Le presentazioni includono i risultati conclusivi di sicurezza ed efficacia dello studio EVOLVE-MS-1 sulla molecola diroximel fumarato, nonché un’analisi che mette a confronto diroximel fumarato con ponesimod e teriflunomide; esiti riferiti dai pazienti (PRO) e un’analisi di matching sul test proprietario StratifyJCV per natalizumab; uno studio di valutazione del trattamento con dimetilfumarato per prevenire la prima manifestazione clinica della SM nelle persone colpite da sindrome radiologicamente isolata; e studi che valutano l’impatto di peginterferone beta-1 e interferone beta-1a su gravidanza, allattamento e sviluppo del feto.

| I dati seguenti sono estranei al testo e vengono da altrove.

lemma genLabs_eq_jumps_minus_exit:
  "genLabs \<Lambda> N c r f \<xi> =
     (\<Sum>\<zeta>\<in>Omega_V \<Lambda> N (\<Sum>i\<in>sites_V N. \<xi> i). c (restrV N \<xi>) \<zeta> * f (embedV N \<zeta> \<xi>))
     + (\<Sum>i\<in>sites_V N. \<Sum>j\<in>sites_abs N. r i j * real (\<xi> i) * f (moveP i j \<xi>))
     - exit_rate \<xi> * f \<xi>"
  unfolding genLabs_def genL_def genH_def exit_rate_def
  by (simp add: right_diff_distrib sum_subtractf distrib_right sum_distrib_right)

lemma exit_rate_nonneg: "0 \<le> exit_rate \<xi>"
  unfolding exit_rate_def using c_nonneg r_nonneg
  by (intro add_nonneg_nonneg sum_nonneg mult_nonneg_nonneg) auto

lemma genLabs_local:
  assumes \<xi>: "\<xi> \<in> Omega_star \<Lambda> N m" and fg: "\<And>\<zeta>. \<zeta> \<in> Omega_star \<Lambda> N m \<Longrightarrow> f \<zeta> = g \<zeta>"
  shows "genLabs \<Lambda> N c r f \<xi> = genLabs \<Lambda> N c r g \<xi>"
proof -
  have "r i j * real (\<xi> i) * f (moveP i j \<xi>) = r i j * real (\<xi> i) * g (moveP i j \<xi>)"
    if "i \<in> sites_V N" "j \<in> sites_abs N" for i j
    using fg[OF moveP_in_Omega_star[OF \<xi> that]] by (cases "\<xi> i = 0") auto
  then have "(\<Sum>i\<in>sites_V N. \<Sum>j\<in>sites_abs N. r i j * real (\<xi> i) * f (moveP i j \<xi>))
      = (\<Sum>i\<in>sites_V N. \<Sum>j\<in>sites_abs N. r i j * real (\<xi> i) * g (moveP i j \<xi>))"
    by (intro sum.cong refl)
  moreover have "(\<Sum>\<zeta>\<in>Omega_V \<Lambda> N (\<Sum>i\<in>sites_V N. \<xi> i). c (restrV N \<xi>) \<zeta> * f (embedV N \<zeta> \<xi>))
      = (\<Sum>\<zeta>\<in>Omega_V \<Lambda> N (\<Sum>i\<in>sites_V N. \<xi> i). c (restrV N \<xi>) \<zeta> * g (embedV N \<zeta> \<xi>))"
    by (intro sum.cong refl) (simp add: fg[OF embedV_in_Omega_star[OF \<xi>]])
  ultimately show ?thesis
    unfolding genLabs_eq_jumps_minus_exit fg[OF \<xi>] by simp
qed

lemma genLabs_plus_rate_nonneg:
  assumes \<xi>: "\<xi> \<in> Omega_star \<Lambda> N m" and f: "\<And>\<zeta>. \<zeta> \<in> Omega_star \<Lambda> N m \<Longrightarrow> 0 \<le> f \<zeta>"
    and rate: "exit_rate \<xi> \<le> \<kappa>"
  shows "0 \<le> genLabs \<Lambda> N c r f \<xi> + \<kappa> * f \<xi>"
proof -
  have jumps_within_V: "0 \<le> (\<Sum>\<zeta>\<in>Omega_V \<Lambda> N (\<Sum>i\<in>sites_V N. \<xi> i). c (restrV N \<xi>) \<zeta> * f (embedV N \<zeta> \<xi>))"
    using c_nonneg f[OF embedV_in_Omega_star[OF \<xi>]] by (intro sum_nonneg mult_nonneg_nonneg) auto
  have jumps_to_boundary:
    "0 \<le> (\<Sum>i\<in>sites_V N. \<Sum>j\<in>sites_abs N. r i j * real (\<xi> i) * f (moveP i j \<xi>))"
  proof (intro sum_nonneg)
    fix i j assume "i \<in> sites_V N" "j \<in> sites_abs N"
    then show "0 \<le> r i j * real (\<xi> i) * f (moveP i j \<xi>)"
      using f[OF moveP_in_Omega_star[OF \<xi>]] r_nonneg by (cases "\<xi> i = 0") auto
  qed
  have "0 \<le> \<kappa> * f \<xi> - exit_rate \<xi> * f \<xi>"
    using rate f[OF \<xi>] by (simp add: left_diff_distrib[symmetric])
  then show ?thesis
    unfolding genLabs_eq_jumps_minus_exit using jumps_within_V jumps_to_boundary by linarith
qed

“Le presentazioni in questa edizione del congresso ECTRIMS testimoniano l’impegno di Biogen nel portare avanti ricerche che abbiano un impatto significativo sulla vita delle persone che affrontano la SM. – commenta Giuseppe Banfi, Amministratore Delegato di Biogen Italia – Questi nuovi dati mettono a disposizione della comunità SM informazioni ulteriori e più approfondite sulla sicurezza e l’efficacia già comprovate del nostro portfolio terapeutico, così da sostenere le decisioni di trattamento per tutte le diverse fasi del percorso di malattia, dall’esordio fino a tappe importanti come la gravidanza”.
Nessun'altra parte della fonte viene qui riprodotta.